Lutron quit making the old DP modules. You might could go wireless and split the load up into wireless masters and replace the dimmer with one wireless master. Insteon comes to mind.


----------



## FrunkSlammer (Aug 31, 2013)

http://www.lutron.com/TechnicalDocumentLibrary/032121a.pdf

DP Panels were shipped new from 1982 through 1995. They came in many sizes, based on the number of dimming modules they could contain. A DP1 had space for one dimming module while a DP24 had space for 24. There were DP1, DP2, DP4, DP8, DP12, DP16, DP20, and DP24 Panels. The cover of this guide shows a DP24, a DP8, and a DP4 (from left to right). 

PDP Panels contained wider modules (3 in the space of the 4 in a DP). There were PDP1, PDP3, PDP6, PDP9, PDP12, PDP15, and PDP18 Panels.
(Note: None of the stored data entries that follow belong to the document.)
section \<open>The field on a balanced bipolar configuration\<close>

lemma sum_over_signs:
  fixes s :: "'n::finite \<Rightarrow> real" and f :: "real \<Rightarrow> 'a::real_vector"
  assumes "\<And>i. s i \<in> {-1, 1}"
  shows "(\<Sum>k\<in>UNIV. f (s k)) = real (card {i. s i = 1}) *\<^sub>R f 1 + real (card {i. s i = -1}) *\<^sub>R f (-1)"
proof -
  have U: "UNIV = {i. s i = 1} \<union> {i. s i = -1}" using assms by auto
  have "(\<Sum>k\<in>UNIV. f (s k)) = (\<Sum>k\<in>{i. s i = 1}. f (s k)) + (\<Sum>k\<in>{i. s i = -1}. f (s k))"
    by (subst U, rule sum.union_disjoint) auto
  also have "\<dots> = (\<Sum>k\<in>{i. s i = 1}. f 1) + (\<Sum>k\<in>{i. s i = -1}. f (-1))"
    by (intro arg_cong2[where f = "(+)"] sum.cong) auto
  finally show ?thesis by (simp add: sum_constant_scaleR)
qed

lemma attnField_balanced_bipolar:
  fixes s :: "'n::finite \<Rightarrow> real" and V :: "real^'d^'d" and u :: "real^'d"
  assumes signs: "\<And>i. s i \<in> {-1, 1}" and balanced: "card {i. s i = 1} = card {i. s i = -1}"
    and q: "s q = 1"
  defines "M \<equiv> u \<bullet> (V *v u)"
  shows "attnField \<beta> V (\<lambda>j. s j *\<^sub>R u) q = tanh (\<beta> * M) *\<^sub>R (V *v u - M *\<^sub>R u)"
proof -
  define m where "m = real (card {i. s i = 1})"
  have "m > 0" using q by (auto simp: m_def card_gt_0_iff)
  have inner_s: "(s q *\<^sub>R u) \<bullet> (V *v (s j *\<^sub>R u)) = s j * M" for j
    using q by (simp add: matrix_vector_mult_scaleR M_def)
  have Z: "attnZ \<beta> V (\<lambda>j. s j *\<^sub>R u) q = m * (exp (\<beta> * M) + exp (- (\<beta> * M)))"
    unfolding attnZ_def inner_s
    using sum_over_signs[of s, OF signs, of "\<lambda>a. exp (\<beta> * (a * M))"] balanced
    by (simp add: m_def algebra_simps)
  have S: "(\<Sum>j\<in>UNIV. exp (\<beta> * ((s q *\<^sub>R u) \<bullet> (V *v (s j *\<^sub>R u)))) *\<^sub>R (V *v (s j *\<^sub>R u)))
      = (m * (exp (\<beta> * M) - exp (- (\<beta> * M)))) *\<^sub>R (V *v u)"
    unfolding inner_s unfolding matrix_vector_mult_scaleR
    using sum_over_signs[of s, OF signs, of "\<lambda>a. exp (\<beta> * (a * M)) *\<^sub>R (a *\<^sub>R (V *v u))"] balanced
    by (simp add: m_def algebra_simps)
  have "(1 / (m * (exp (\<beta> * M) + exp (- (\<beta> * M))))) * (m * (exp (\<beta> * M) - exp (- (\<beta> * M))))
      = tanh (\<beta> * M)"
    using \<open>m > 0\<close> by (simp add: tanh_altdef)
  then show ?thesis
    unfolding attnField_def Z S scaleR_scaleR Pperp_def using q
    by (simp add: M_def algebra_simps)
qed

lemma orthonormal_family_expansion:
  fixes e :: "'d::finite \<Rightarrow> real^'d"
  assumes e: "\<And>k l. e k \<bullet> e l = (if k = l then 1 else 0)"
  shows "(\<Sum>l\<in>UNIV. (u \<bullet> e l) *\<^sub>R e l) = u"
proof -
  have "inj e"
  proof (rule injI)
    fix k l assume "e k = e l"
    then have "e k \<bullet> e l = 1" using e[of l l] by simp
    then show "k = l" using e[of k l] by (auto split: if_splits)
  qed
  have orth: "pairwise orthogonal (range e)"
    unfolding pairwise_def orthogonal_def using e by auto
  have unit: "norm v = 1" if "v \<in> range e" for v
    using e that by (auto simp: norm_eq_1)
  have "0 \<notin> range e" using unit by fastforce
  with orth have "independent (range e)" by (rule pairwise_orthogonal_independent)
  moreover have "card (range e) = dim (UNIV :: (real^'d) set)"
    using card_image[OF \<open>inj e\<close>] by simp
  ultimately have "UNIV \<subseteq> span (range e)"
    using card_eq_dim[of "range e" UNIV] by simp
  then have "(\<Sum>v\<in>range e. (u \<bullet> v) *\<^sub>R v) = u"
    by (intro orthonormal_basis_expand[OF orth unit]) auto
  then show ?thesis by (simp add: sum.reindex[OF \<open>inj e\<close>])
qed

lemma symmetric_matrix_inner:
  fixes V :: "real^'d^'d"
  assumes "transpose V = V"
  shows "(V *v u) \<bullet> w = u \<bullet> (V *v w)"
  using transpose_matrix_vector[of V u] assms by (simp add: dot_lmul_matrix)

lemma symmetric_matrix_eigen_coordinate:
  fixes V :: "real^'d^'d"
  assumes "transpose V = V" and "V *v e = lam *\<^sub>R e"
  shows "(V *v u) \<bullet> e = lam * (u \<bullet> e)"
  using assms by (simp add: symmetric_matrix_inner)

lemma quadratic_form_eigenbasis:
  fixes V :: "real^'d^'d" and e :: "'d::finite \<Rightarrow> real^'d"
  assumes V_sym: "transpose V = V"
    and e_orthonormal: "\<And>k l. e k \<bullet> e l = (if k = l then 1 else 0)"
    and e_eigen: "\<And>k. V *v e k = lam k *\<^sub>R e k"
  shows "u \<bullet> (V *v u) = (\<Sum>l\<in>UNIV. lam l * (u \<bullet> e l)\<^sup>2)"
proof -
  have "u \<bullet> (V *v u) = (\<Sum>l\<in>UNIV. (u \<bullet> e l) *\<^sub>R e l) \<bullet> (V *v u)"
    by (simp only: orthonormal_family_expansion[OF e_orthonormal])
  also have "\<dots> = (\<Sum>l\<in>UNIV. (u \<bullet> e l) * ((V *v u) \<bullet> e l))"
    by (simp add: inner_sum_left inner_commute[of "e _" "V *v u"])
  also have "\<dots> = (\<Sum>l\<in>UNIV. lam l * (u \<bullet> e l)\<^sup>2)"
    by (simp add: symmetric_matrix_eigen_coordinate[OF V_sym e_eigen] power2_eq_square mult.left_commute)
  finally show ?thesis .
qed

lemma attnField_balanced_bipolar_eigen_coordinate:
  fixes V :: "real^'d^'d" and e :: "'d::finite \<Rightarrow> real^'d" and s :: "'n::finite \<Rightarrow> real"
    and u :: "real^'d"
  assumes V_sym: "transpose V = V"
    and e_orthonormal: "\<And>k l. e k \<bullet> e l = (if k = l then 1 else 0)"
    and e_eigen: "\<And>k. V *v e k = lam k *\<^sub>R e k"
    and signs: "\<And>i. s i \<in> {-1, 1}" and balanced: "card {i. s i = 1} = card {i. s i = -1}"
    and q: "s q = 1"
  defines "M \<equiv> \<Sum>l\<in>UNIV. lam l * (u \<bullet> e l)\<^sup>2"
  shows "attnField \<beta> V (\<lambda>j. s j *\<^sub>R u) q \<bullet> e k = (u \<bullet> e k) * tanh (\<beta> * M) * (lam k - M)"
  unfolding attnField_balanced_bipolar[OF signs balanced q]
    quadratic_form_eigenbasis[OF V_sym e_orthonormal e_eigen] M_def[symmetric]
  by (simp add: inner_diff_left symmetric_matrix_eigen_coordinate[OF V_sym e_eigen] algebra_simps)

theorem proposition4p3:
  fixes \<beta> :: real
    and V :: "real^'d^'d"
    and e :: "'d \<Rightarrow> real^'d"
    and lam :: "'d \<Rightarrow> real"
    and x :: "real \<Rightarrow> 'n::finite \<Rightarrow> real^'d"
    and s :: "'n \<Rightarrow> real"
    and u0 :: "real^'d"
  assumes beta_pos: "\<beta> > 0"
    and V_sym: "transpose V = V"
    and e_orthonormal: "\<And>k l. e k \<bullet> e l = (if k = l then 1 else 0)"
    and e_eigen: "\<And>k. V *v e k = lam k *\<^sub>R e k"
    and s_signs: "\<And>i. s i \<in> {-1, 1}"
    and s_balanced: "card {i. s i = 1} = card {i. s i = -1}"
    and u0_sphere: "norm u0 = 1"
    and x_sphere: "\<And>t i. t \<ge> 0 \<Longrightarrow> norm (x t i) = 1"
    and x_ode: "\<And>t i. t \<ge> 0 \<Longrightarrow>
        ((\<lambda>\<tau>. x \<tau> i) has_vector_derivative attnField \<beta> V (x t) i) (at t within {0..})"
    and x_init: "\<And>i. x 0 i = s i *\<^sub>R u0"
  shows "\<exists>u :: real \<Rightarrow> real^'d.
           (\<forall>t\<ge>0. norm (u t) = 1 \<and> (\<forall>i. x t i = s i *\<^sub>R u t)) \<and>
           (\<forall>k. \<forall>t\<ge>0.
              ((\<lambda>\<tau>. u \<tau> \<bullet> e k) has_real_derivative
                 (u t \<bullet> e k) * tanh (\<beta> * (\<Sum>l\<in>UNIV. lam l * (u t \<bullet> e l)^2))
                   * (lam k - (\<Sum>l\<in>UNIV. lam l * (u t \<bullet> e l)^2)))
              (at t within {0..}))"
proof -
  have x: "attn_sphere_solution \<beta> V x"
    using x_sphere x_ode unfolding attn_sphere_solution_def by blast
  obtain q where q: "s q = 1"
    using balanced_signs_positiveE[OF s_signs s_balanced] .
  define u where "u t = x t q" for t
  have bipolar: "x t = (\<lambda>j. s j *\<^sub>R u t)" if "t \<ge> 0" for t
    unfolding u_def by (rule ext, rule attn_sphere_solution_balanced_bipolar[OF x s_signs s_balanced x_init q that])
  show ?thesis
  proof (intro exI[of _ u] conjI allI impI)
    fix t :: real assume t: "t \<ge> 0"
    show "norm (u t) = 1" unfolding u_def by (rule x_sphere[OF t])
    show "x t i = s i *\<^sub>R u t" for i using bipolar[OF t] by simp
  next
    fix k and t :: real assume t: "t \<ge> 0"
    have "((\<lambda>\<tau>. u \<tau> \<bullet> e k) has_vector_derivative attnField \<beta> V (x t) q \<bullet> e k) (at t within {0..})"
      unfolding u_def by (rule bounded_linear.has_vector_derivative[OF bounded_linear_inner_left x_ode[OF t]])
    then show "((\<lambda>\<tau>. u \<tau> \<bullet> e k) has_real_derivative
        (u t \<bullet> e k) * tanh (\<beta> * (\<Sum>l\<in>UNIV. lam l * (u t \<bullet> e l)^2))
          * (lam k - (\<Sum>l\<in>UNIV. lam l * (u t \<bullet> e l)^2))) (at t within {0..})"
      unfolding has_real_derivative_iff_has_vector_derivative bipolar[OF t]
        attnField_balanced_bipolar_eigen_coordinate[OF V_sym e_orthonormal e_eigen s_signs s_balanced q] .
  qed
qed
This guide only refers to DP Panels but the information is useful for PDP Panels as well.

Dimming module technology evolved a great deal while DP Panels were being sold new. The older varieties must be sent to Lutron for repair (with proper RGA # - contact Lutron) while *the newer varieties can still be supported with replacement dimmers as described in this guide*. The model number of the panel and the module name can help determine how each module can be supported.

The control stations wired to the DP Panels also changed greatly while DP Panels were being sold new. Lutron still attempts to repair these, as needed. Analog controls (one discrete wire per zone and scene) were shipped new from 1982 through 1995. Digital controls (multiplexed data stream on a twisted shielded pair of wires) were shipped new from 1987 through 1995. For digital controls, DP Panels contained a ‘Demux’ board to translate the digital information from the digital controls to the same analog dimming modules. 

Grafik Eye® Control Units and GP panels were introduced in 1994 and took over the DP Panel business as of 1995. These newer designs have proven to be more reliable and flexible.


----------



## A Little Short (Nov 11, 2010)

FrunkSlammer said:


> http://www.lutron.com/TechnicalDocumentLibrary/032121a.pdf
> 
> DP Panels were shipped new from 1982 through 1995. They came in many sizes, based on the number of dimming modules they could contain. A DP1 had space for one dimming module while a DP24 had space for 24. There were DP1, DP2, DP4, DP8, DP12, DP16, DP20, and DP24 Panels. The cover of this guide shows a DP24, a DP8, and a DP4 (from left to right).
> 
> ...



Thanks, I found this after I posted. Sounds like I need to call Lutron to see what I need to do.


----------